▸ WORK TO COMPLETE
Please copy out the entries until you have copied the line that contains "fixes a b c :: real", beginning with the first line.

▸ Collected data

lemma OPT_attained:
  assumes "valid_profile n Sig S"
  obtains S' where "valid_profile n Sig S'" and "social_cost n S' = OPT n Sig"
proof -
  have "\<exists>c S. valid_profile n Sig S \<and> c = social_cost n S"
    using assms by blast
  from LeastI_ex[OF this] show ?thesis
    using that unfolding OPT_def by metis
qed

lemma ratio_bound:
  fixes a b c :: real
  assumes "0 < a" and "a \<le> b" and "c \<le> 2 * (sqrt (2 * a * b) + a)"
  shows "c / a \<le> (2 + 2 * sqrt 2) * sqrt (b / a)"
proof -
  have "sqrt (2 * a * b) = sqrt (2 * a\<^sup>2 * (b / a))"
    using assms(1) by (simp add: power2_eq_square)
  also have "\<dots> = sqrt 2 * a * sqrt (b / a)"
    using assms(1) by (simp only: real_sqrt_mult real_sqrt_abs abs_of_pos)
  finally have "sqrt (2 * a * b) = sqrt 2 * a * sqrt (b / a)" .
  then have "c / a \<le> 2 * sqrt 2 * sqrt (b / a) + 2"
    using assms(1,3) by (simp add: field_simps)
  moreover have "1 \<le> sqrt (b / a)"
    using assms(1,2) by simp
  ultimately have "c / a \<le> 2 * sqrt (b / a) + 2 * sqrt 2 * sqrt (b / a)"
    by linarith
  then show ?thesis
    by (simp add: distrib_right)
qed

locale best_response_covering =
  fixes n :: nat and E :: "'e set" and Sig :: "'e set set" and T :: nat
    and R :: "nat \<Rightarrow> nat \<Rightarrow> 'e set" and who :: "nat \<Rightarrow> nat"
  assumes finite_E: "finite E" and Sig_subset: "Sig \<subseteq> Pow E"
    and covering: "T_covering n Sig T R who"
begin

lemma move:
  assumes "t \<in> {1..T}"
  shows "who t \<in> {1..n} \<and>
    (\<exists>s'. best_response n Sig (R (t - 1)) (who t) s' \<and> R t = (R (t - 1))(who t := s'))"
  using covering assms unfolding T_covering_def by blast

lemma valid_profile_R:
  assumes "t \<le> T"
  shows "valid_profile n Sig (R t)"
  using assms
proof (induction t)
  case 0
  then show ?case
    using covering unfolding T_covering_def by blast
next
  case (Suc t)
  then obtain s' where "best_response n Sig (R t) (who (Suc t)) s'"
    and "R (Suc t) = (R t)(who (Suc t) := s')"
    using move[of "Suc t"] Suc.prems by auto
  with Suc show ?case
    unfolding valid_profile_def best_response_def by auto
qed
(* Consider the multiobjective proximal gradient (MPG) algorithm described in the context, applied to the problem $\min_{x\in\mathbb{R}^n} F(x)$ under the standing assumptions (i)–(iii). Then the MPG algorithm is well defined (that is, at any iteration $k$ at which it does not stop, the line search of Step 3 terminates after finitely many trial step sizes, so $x^{k+1}$ is defined), and it stops at iteration $k$ if and only if $x^k$ is a weakly Pareto optimal point of the problem.
   Context: Let $F:\mathbb{R}^n\to(\mathbb{R}\cup\{+\infty\})^m$, $F=(F_1,\ldots,F_m)$, with $F_j=G_j+H_j$ for $j=1,\ldots,m$, where: (i) each $G_j:\mathbb{R}^n\to\mathbb{R}$ is continuously differentiable and convex; (ii) each $H_j:\mathbb{R}^n\to\mathbb{R}\cup\{+\infty\}$ is proper, convex and continuous on its domain $\mathrm{dom}(H_j)$; (iii) $\mathrm{dom}(F):=\{x: F_j(x)<+\infty\ \forall j\}$ is nonempty and closed. For $u,v\in\mathbb{R}^m$, $u\preceq v$ means $u_j\le v_j$ for all $j$, and $u\prec v$ means $u_j<v_j$ for all $j$. A point $\bar x$ is weakly Pareto optimal if there is no $x\in\mathbb{R}^n$ with $F(x)\prec F(\bar x)$. For $x\in\mathrm{dom}(F)$ and $\alpha>0$ define $\psi_x(u):=\max_{j=1,\ldots,m}\big(\nabla G_j(x)^\top(u-x)+H_j(u)-H_j(x)\big)$, $p_\alpha(x):=\arg\min_{u\in\mathbb{R}^n}\psi_x(u)+\frac{1}{2\alpha}\|u-x\|^2$ (unique minimizer), and $\theta_\alpha(x):=\psi_x(p_\alpha(x))+\frac{1}{2\alpha}\|p_\alpha(x)-x\|^2$. MPG algorithm. Step 0: choose $x^0\in\mathrm{dom}(F)$, $\alpha>0$, $\gamma\in(0,2/\alpha)$, $0<\tau_1<\tau_2<1$; set $k=0$. Step 1: compute $p^k:=p_\alpha(x^k)$ and $\theta_\alpha(x^k)$. Step 2: if $\theta_\alpha(x^k)=0$, stop. Step 3: set $d^k:=p^k-x^k$, take $j_k^*\in\arg\max_{j}\nabla G_j(x^k)^\top d^k$, set $t=1$. Step 3.1: if $G_{j_k^*}(x^k+td^k)\le G_{j_k^*}(x^k)+t\nabla G_{j_k^*}(x^k)^\top d^k+t\frac{\gamma}{2}\|d^k\|^2$, go to Step 3.2; otherwise replace $t$ by some value in $[\tau_1 t,\tau_2 t]$ and repeat Step 3.1. Step 3.2: if $F(x^k+td^k)\preceq F(x^k)$, set $t_k=t$ and go to Step 4. Step 3.3: replace $t$ by some value in $[\tau_1 t,\tau_2 t]$; if $G_j(x^k+td^k)\le G_j(x^k)+t\nabla G_j(x^k)^\top d^k+t\frac{\gamma}{2}\|d^k\|^2$ for all $j=1,\ldots,m$, set $t_k=t$ and go to Step 4; otherwise repeat Step 3.3. Step 4: $x^{k+1}:=x^k+t_kd^k$, $k\leftarrow k+1$, go to Step 1. *)

theory Defs
  imports "HOL-Analysis.Analysis"
begin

▸ RESPONSE BELOW
lemma OPT_attained:
  assumes "valid_profile n Sig S"
  obtains S' where "valid_profile n Sig S'" and "social_cost n S' = OPT n Sig"
proof -
  have "\<exists>c S. valid_profile n Sig S \<and> c = social_cost n S"
    using assms by blast
  from LeastI_ex[OF this] show ?thesis
    using that unfolding OPT_def by metis
qed

lemma ratio_bound:
  fixes a b c :: real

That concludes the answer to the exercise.